Compared to a “normal” mountain bike tire, fat bike tires are FAT. But even among fat bike tires, there are degrees of fattness, with the widest tires typically topping out at 4.8 inches wide. However, Vee Tire Co. recently decided to push the envelope by creating the world’s widest fat bike tire, the Snow Shoe 2XL, which is a whopping 5.05 inches wide.

When I first read about this tire, I had all kinds of questions so I reached out to the folks at Vee Tire Co. to see what I could learn about this monster.

Which fat bikes does this tire fit?

FatLab Hoggar

FatLab Hoggar

While I was unable to get a full list of compatible frames, I did learn there is at least one bike that was actually designed to run the Snow Shoe 2XL tires: the FatLab Hoggar. The Hoggar is a titanium bike designed around a 197mm rear hub, and despite being able to clear 5.05-inch wide tires, it offers a 200mm Q-factor, slightly less than the 210mm Q-factor seen on other 5-inch fat bike builds.

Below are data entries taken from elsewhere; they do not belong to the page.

(*
  Both bounds are C plus a sum over index tuples js of the mass a 1 (js 1) * ... * a k (js k)
  times the hockey-stick function s \<mapsto> (1 - e^(eps - s))\<^sub>+ evaluated at a point.  For
  delta_exact that point is the atom s = x_(js 1) + ... + x_(js k) of the convolution.  For the
  FFT output it is the grid point congruent to s modulo 2L: the DFT turns the entrywise product
  into a cyclic convolution, and D shifts indices by n/2 so that the grid is centred at 0.  The
  two points coincide when s \<in> [-L, L), and otherwise the terms differ by at most 1.  So the
  error is at most the mass of the convolution outside [-L, L).  A Chernoff bound estimates that
  mass by e^(-L lam) (E e^(lam S) + E e^(-lam S)) = e^(-L lam) (e^alpha+ + e^alpha-), which is
  even smaller than the claimed bound because 1 - e^(-2 L lam) \<le> 1.
*)

theory Submission
  imports Defs
begin

definition unit_root :: "nat \<Rightarrow> int \<Rightarrow> complex" where
  "unit_root n t = exp (2 * of_real pi * \<i> * of_int t / of_nat n)"

lemma unit_root_add: "unit_root n (s + t) = unit_root n s * unit_root n t"
  unfolding unit_root_def by (simp add: exp_add[symmetric] add_divide_distrib distrib_left)

lemma unit_root_0 [simp]: "unit_root n 0 = 1"
  unfolding unit_root_def by simp

lemma unit_root_power: "unit_root n (int m * t) = unit_root n t ^ m"
  by (induction m) (simp_all add: distrib_right unit_root_add)

lemma prod_unit_root: "(\<Prod>i\<in>A. unit_root n (f i)) = unit_root n (\<Sum>i\<in>A. f i)"
  by (induction A rule: infinite_finite_induct) (simp_all add: unit_root_add)

lemma unit_root_eq_1_iff:
  assumes "n > 0"
  shows "unit_root n t = 1 \<longleftrightarrow> int n dvd t"
proof
  assume "unit_root n t = 1"
  then obtain z :: int where "Im (2 * of_real pi * \<i> * of_int t / of_nat n) = of_int (2 * z) * pi"
    unfolding unit_root_def exp_eq_1 by blast
  then have "real_of_int t = real_of_int (z * int n)"
    using assms by (simp add: field_simps)
  then show "int n dvd t" by (metis dvd_triv_right of_int_eq_iff)
next
  assume "int n dvd t"
  then obtain c where "t = int n * c" by blast
  then have "unit_root n t = exp ((2 * of_int c * of_real pi) * \<i>)"
    unfolding unit_root_def using assms by (simp add: field_simps)
  then show "unit_root n t = 1" by (simp add: exp_eq_1)
qed

lemma unit_root_cong:
  assumes "n > 0" "s mod int n = t mod int n"
  shows "unit_root n s = unit_root n t"
proof -
  have "int n dvd s - t" using assms(2) by (simp add: mod_eq_dvd_iff)
  then have "unit_root n (s - t) = 1" using unit_root_eq_1_iff[OF assms(1)] by blast
  then show ?thesis using unit_root_add[of n "s - t" t] by simp
qed

lemma sum_unit_root:
  assumes "n > 0"
  shows "(\<Sum>m<n. unit_root n (int m * t)) = (if int n dvd t then of_nat n else 0)"
proof (cases "int n dvd t")
  case True
  then have "unit_root n t = 1" using unit_root_eq_1_iff[OF assms] by blast
  then show ?thesis using True by (simp add: unit_root_power)
next
  case False
  have "unit_root n t ^ n = 1"
    using unit_root_eq_1_iff[OF assms, of "int n * t"] by (simp add: unit_root_power)
  then show ?thesis
    using False by (simp add: unit_root_power unit_root_eq_1_iff[OF assms] sum_gp_strict)
qed

lemma dft_unit_root: "dft n x m = (\<Sum>j<n. x j * unit_root n (- (int m * int j)))"
  unfolding dft_def unit_root_def by (intro sum.cong refl arg_cong2[where f="(*)"] arg_cong[where f=exp]) (simp add: field_simps)

lemma idft_unit_root: "idft n w m = 1 / of_nat n * (\<Sum>j<n. w j * unit_root n (int m * int j))"
  unfolding idft_def unit_root_def
  by (intro sum.cong refl arg_cong2[where f="(*)"] arg_cong[where f=exp]) (simp add: field_simps)

lemma sum_lessThan_shift_mod:
  fixes n h :: nat
  assumes "n > 0"
  shows "(\<Sum>j<n. f ((j + h) mod n)) = (\<Sum>j<n. f j)"
proof -
  have "inj_on (\<lambda>j. (j + h) mod n) {..<n}"
  proof (rule inj_onI)
    fix x y assume "x \<in> {..<n}" "y \<in> {..<n}" "(x + h) mod n = (y + h) mod n"
    moreover from this have "(int x + int h) mod int n = (int y + int h) mod int n"
      by (metis of_nat_add zmod_int)
    then have "int x mod int n = int y mod int n"
      by (metis add_diff_cancel_right' mod_diff_left_eq)
    ultimately show "x = y" by (simp add: zmod_int)
  qed
  moreover have "(\<lambda>j. (j + h) mod n) ` {..<n} = {..<n}"
    using assms calculation by (intro endo_inj_surj) auto
  ultimately show ?thesis using sum.reindex[of "\<lambda>j. (j + h) mod n" "{..<n}" f] by simp
qed

lemma dft_shift:
  assumes "n > 0"
  shows "dft n (\<lambda>j. x ((j + h) mod n)) m = unit_root n (int m * int h) * dft n x m"
proof -
  have "unit_root n (- (int m * int j)) = unit_root n (int m * int h) * unit_root n (- (int m * int ((j + h) mod n)))" for j
  proof -
    have "(int m * int h - int m * int ((j + h) mod n)) mod int n
        = (int m * int h - (int m * int ((j + h) mod n)) mod int n) mod int n"
      by (simp add: mod_diff_right_eq)
    also have "\<dots> = (int m * int h - int m * (int j + int h)) mod int n"
      by (simp add: zmod_int mod_mult_right_eq mod_diff_right_eq)
    also have "\<dots> = (- (int m * int j)) mod int n"
      by (simp add: algebra_simps)
    finally have "unit_root n (int m * int h - int m * int ((j + h) mod n)) = unit_root n (- (int m * int j))"
      by (rule unit_root_cong[OF assms])
    then show ?thesis
      by (simp add: unit_root_add[symmetric])
  qed
  then have "dft n (\<lambda>j. x ((j + h) mod n)) m
      = unit_root n (int m * int h) * (\<Sum>j<n. x ((j + h) mod n) * unit_root n (- (int m * int ((j + h) mod n))))"
    by (simp add: dft_unit_root sum_distrib_left algebra_simps)
  also have "\<dots> = unit_root n (int m * int h) * dft n x m"
    by (simp add: sum_lessThan_shift_mod[OF assms, of "\<lambda>j. x j * unit_root n (- (int m * int j))"] dft_unit_root)
  finally show ?thesis .
qed

lemma idft_modulate:
  "idft n (\<lambda>m. unit_root n (int m * int c) * w m) l = idft n w (l + c)"
proof -
  have "unit_root n (int j * int c) * unit_root n (int l * int j) = unit_root n (int (l + c) * int j)" for j
    unfolding unit_root_add[symmetric] by (simp add: algebra_simps)
  then show ?thesis
    unfolding idft_unit_root by (simp add: mult.assoc mult.left_commute)
qed

lemma idft_prod_dft:
  fixes x :: "nat \<Rightarrow> nat \<Rightarrow> complex"
  assumes "n > 0" "finite I"
  shows "idft n (\<lambda>m. \<Prod>i\<in>I. dft n (x i) m) l
    = (\<Sum>js\<in>I \<rightarrow>\<^sub>E {..<n}.
         if int n dvd (int l - (\<Sum>i\<in>I. int (js i))) then \<Prod>i\<in>I. x i (js i) else 0)"
proof -
  define J where "J = I \<rightarrow>\<^sub>E {..<n}"
  define S where "S js = (\<Sum>i\<in>I. int (js i))" for js
  define X where "X js = (\<Prod>i\<in>I. x i (js i))" for js
  have prod_dft: "(\<Prod>i\<in>I. dft n (x i) m) = (\<Sum>js\<in>J. X js * unit_root n (- (int m * S js)))" for m
  proof -
    have "(\<Prod>i\<in>I. dft n (x i) m)
        = (\<Sum>js\<in>J. \<Prod>i\<in>I. x i (js i) * unit_root n (- (int m * int (js i))))"
      unfolding dft_unit_root J_def using assms(2) by (rule prod_sum_PiE) auto
    also have "\<dots> = (\<Sum>js\<in>J. X js * unit_root n (- (int m * S js)))"
      by (simp add: prod.distrib prod_unit_root X_def S_def sum_negf sum_distrib_left)
    finally show ?thesis .
  qed
  have "unit_root n (- (int m * S js)) * unit_root n (int l * int m) = unit_root n (int m * (int l - S js))"
    for m js unfolding unit_root_add[symmetric] by (simp add: algebra_simps)
  then have "idft n (\<lambda>m. \<Prod>i\<in>I. dft n (x i) m) l
      = (\<Sum>js\<in>J. X js * (1 / of_nat n * (\<Sum>m<n. unit_root n (int m * (int l - S js)))))"
    unfolding idft_unit_root prod_dft sum_distrib_right sum_distrib_left
    by (subst sum.swap) (simp add: mult.assoc mult.left_commute)
  also have "\<dots> = (\<Sum>js\<in>J. if int n dvd (int l - S js) then X js else 0)"
    using assms(1) by (intro sum.cong refl) (simp add: sum_unit_root)
  finally show ?thesis unfolding J_def S_def X_def .
qed
(* For every $v\in\mathbb Q$, the following are equivalent: (1) $v\in\mathcal V$; (2) $v\in\mathbb Z_{d,\ell}$, $v\geq-\mu_\kappa$, and $v\in\mathcal V_{\iota(v)}$ where $\iota(v)=\left\lfloor (n+1)\frac{v+\mu_\kappa}{\tau}+h(v)\right\rfloor$.
   Context: Let $\mathbf K$ be a field and $\ell\geq 2$ an integer. Let $L=a_n\phi_\ell^n+\dots+a_0$ with $n\geq1$, $a_i\in\mathbf K[z]$, $a_0a_n\neq0$, where $\phi_\ell(f)(z)=f(z^\ell)$ acting on Hahn series with coefficients in $\mathbf K$ and value group $\mathbb Q$. Let $\mathcal P(L)=\{(\ell^i,j): 0\le i\le n,\ j\in\operatorname{supp} a_i\}$. The Newton polygon of $L$ is the convex hull of $\{(\ell^i,j): 0\le i\le n,\ j\geq\operatorname{val} a_i\}\subset\mathbb R^2$; its non-vertical edges have slopes $\mu_1<\dots<\mu_\kappa$, $\mathcal S(L)=\{\mu_1,\dots,\mu_\kappa\}$. Let $d\geq1$ be a common multiple of the denominators of the $\mu_k$; $\mathbb Z_{d,\ell}=\bigcup_{i\geq0}\frac{1}{d\ell^i}\mathbb Z$, and $h(v)=\min\{i\geq0: v\in\frac1{d\ell^i}\mathbb Z\}$ for $v\in\mathbb Z_{d,\ell}$. Define $\Psi(v)=\{v\ell^i+j:(\ell^i,j)\in\mathcal P(L)\}$, $\pi(q)=\max\{(q-j)/\ell^i:(\ell^i,j)\in\mathcal P(L)\}$. Let $\mathcal V_0=-\mathcal S(L)$, $\mathcal V_{i+1}=\bigcup_{v\in\mathcal V_i}\pi(\Psi(v))$, $\mathcal V=\bigcup_{i\ge0}\mathcal V_i$ (a well-ordered set). For $v\in\mathbb Q$ let $\epsilon(v)=\min\{w\in\mathcal V: w>v\}-v\in\mathbb Q_{>0}\cup\{+\infty\}$ ($+\infty$ if this set is empty), and $\tau=\min\{\epsilon(-\mu_1),\dots,\epsilon(-\mu_\kappa),(d\ell^n)^{-1}\}\in\mathbb Q_{>0}$. *)

theory Defs
  imports "HOL-Analysis.Analysis" "HOL-Computational_Algebra.Polynomial"
begin

text \<open>The operator L = a_n phi^n + ... + a_0 is represented by the coefficient
  function a (only a 0, ..., a n matter), with a i :: K[z].\<close>

definition pval :: "'a::zero poly \<Rightarrow> nat" where
  "pval p = (LEAST j. coeff p j \<noteq> 0)"

definition suppP :: "nat \<Rightarrow> nat \<Rightarrow> (nat \<Rightarrow> 'a::zero poly) \<Rightarrow> (nat \<times> nat) set" where
  "suppP l n a = {(l ^ i, j) | i j. i \<le> n \<and> coeff (a i) j \<noteq> 0}"

text \<open>Newton polygon: convex hull of {(l^i, j) : 0 <= i <= n, j >= val a_i} in R^2
  (no points for a_i = 0, whose valuation is +infinity).\<close>
definition newton_polygon :: "nat \<Rightarrow> nat \<Rightarrow> (nat \<Rightarrow> 'a::zero poly) \<Rightarrow> (real \<times> real) set" where
  "newton_polygon l n a =
     convex hull {(real (l ^ i), y) | i y. i \<le> n \<and> a i \<noteq> 0 \<and> y \<ge> real (pval (a i))}"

Will the Snow Shoe 2XL tires fit other fat bikes? Probably, though we haven’t been able to confirm which ones. If you’ve fit these tires on your fat bike, let us know about it in the comments!

Was there really a need for 5+ inch fat bike tires?

As my 7-year-old daughter likes to say, you don’t NEED a mountain bike to live, you just want one. I suppose that can be debated, but the impetus behind this particular tire was to offer an even wider contact patch and more floatation than existing fat bike tires on the market offer. Check this out: Vee Tire Co. claims this 5.05-inch tire holds nearly 50% more air volume than a similar 4.8-inch fat bike tire! That’s a lot of extra flotation, and it also opens up the possibility for running even lower tire pressures.


One of the folks I heard from at FatLab said the contact patch on the 5.05-inch Snow Shoe 2XL is 132mm wide, which is about 12% wider than the 118mm contact patch they found was produced by a 4.8-inch tire. Twelve percent might not seem like a lot, but it’s actually a big gain considering a 5.05-inch tire is only 5% wider than a 4.8-inch tire.

A representative from Vee Tire Co. says, “For the last 1-2 [years] I believed 5.05 is the perfect size and they will become the new standard for fat [bikes].” I asked if the company is considering going even wider and was told they have no current plans to do so.

At 1930g, the Snow Shoe 2XL tires aren’t lightweight by any means; however, they aren’t quite the heaviest we’ve seen either. These tires are currently listed at $170 which is on the expensive end, especially for a non-studded fat bike tire. As a point of comparison, the Snow Shoe XL tires (4.8-inches) start at $115. However, this price disparity could have to do with the niche nature of these tires, making it important to recoup the cost involved in building the molds.

# Comments

  • thub

    The Snowshoe 2 XL makes sense if most of your riding is in fresh snow or consistently soft conditions. It also makes sense if you don’t like changing out tires a lot. The lack of studs makes it questionable though. I ride studded Dillinger 5’s all winter, covers all conditions.

  • arkinet

    For soft and wintery ride, Id take the 5″. But for year-round-ride-whatever, my personal preference is 4″.

  • bikerboy13

    What that a fat suspension fork on that bike.. never see none of those before…

    • Jeff Barber

      Good catch, it does look like the tire fits a Bluto!

  • sissypants

    I ride this as my winter front tire (Fits SE F@R/Fuji Wendigo/BD fb5 fork) studded with KoldKutters. I have to amp up the power to keep pace with my buddies but I can also get out when nobody else can get out. I once ran my 2XL on 102mm rims at 0.5psi and got a tread of 5.2″, and sailed passed a guy with Surly Lou’s on Clownshoes on an uphill with 8 inches of powder. I also can do sand like nothing else–dunes are amazing. Traction is slickrock everywhere with the studs, but 80% of the time I am half-wishing to put a 4-incher up front and will do once the snow melts.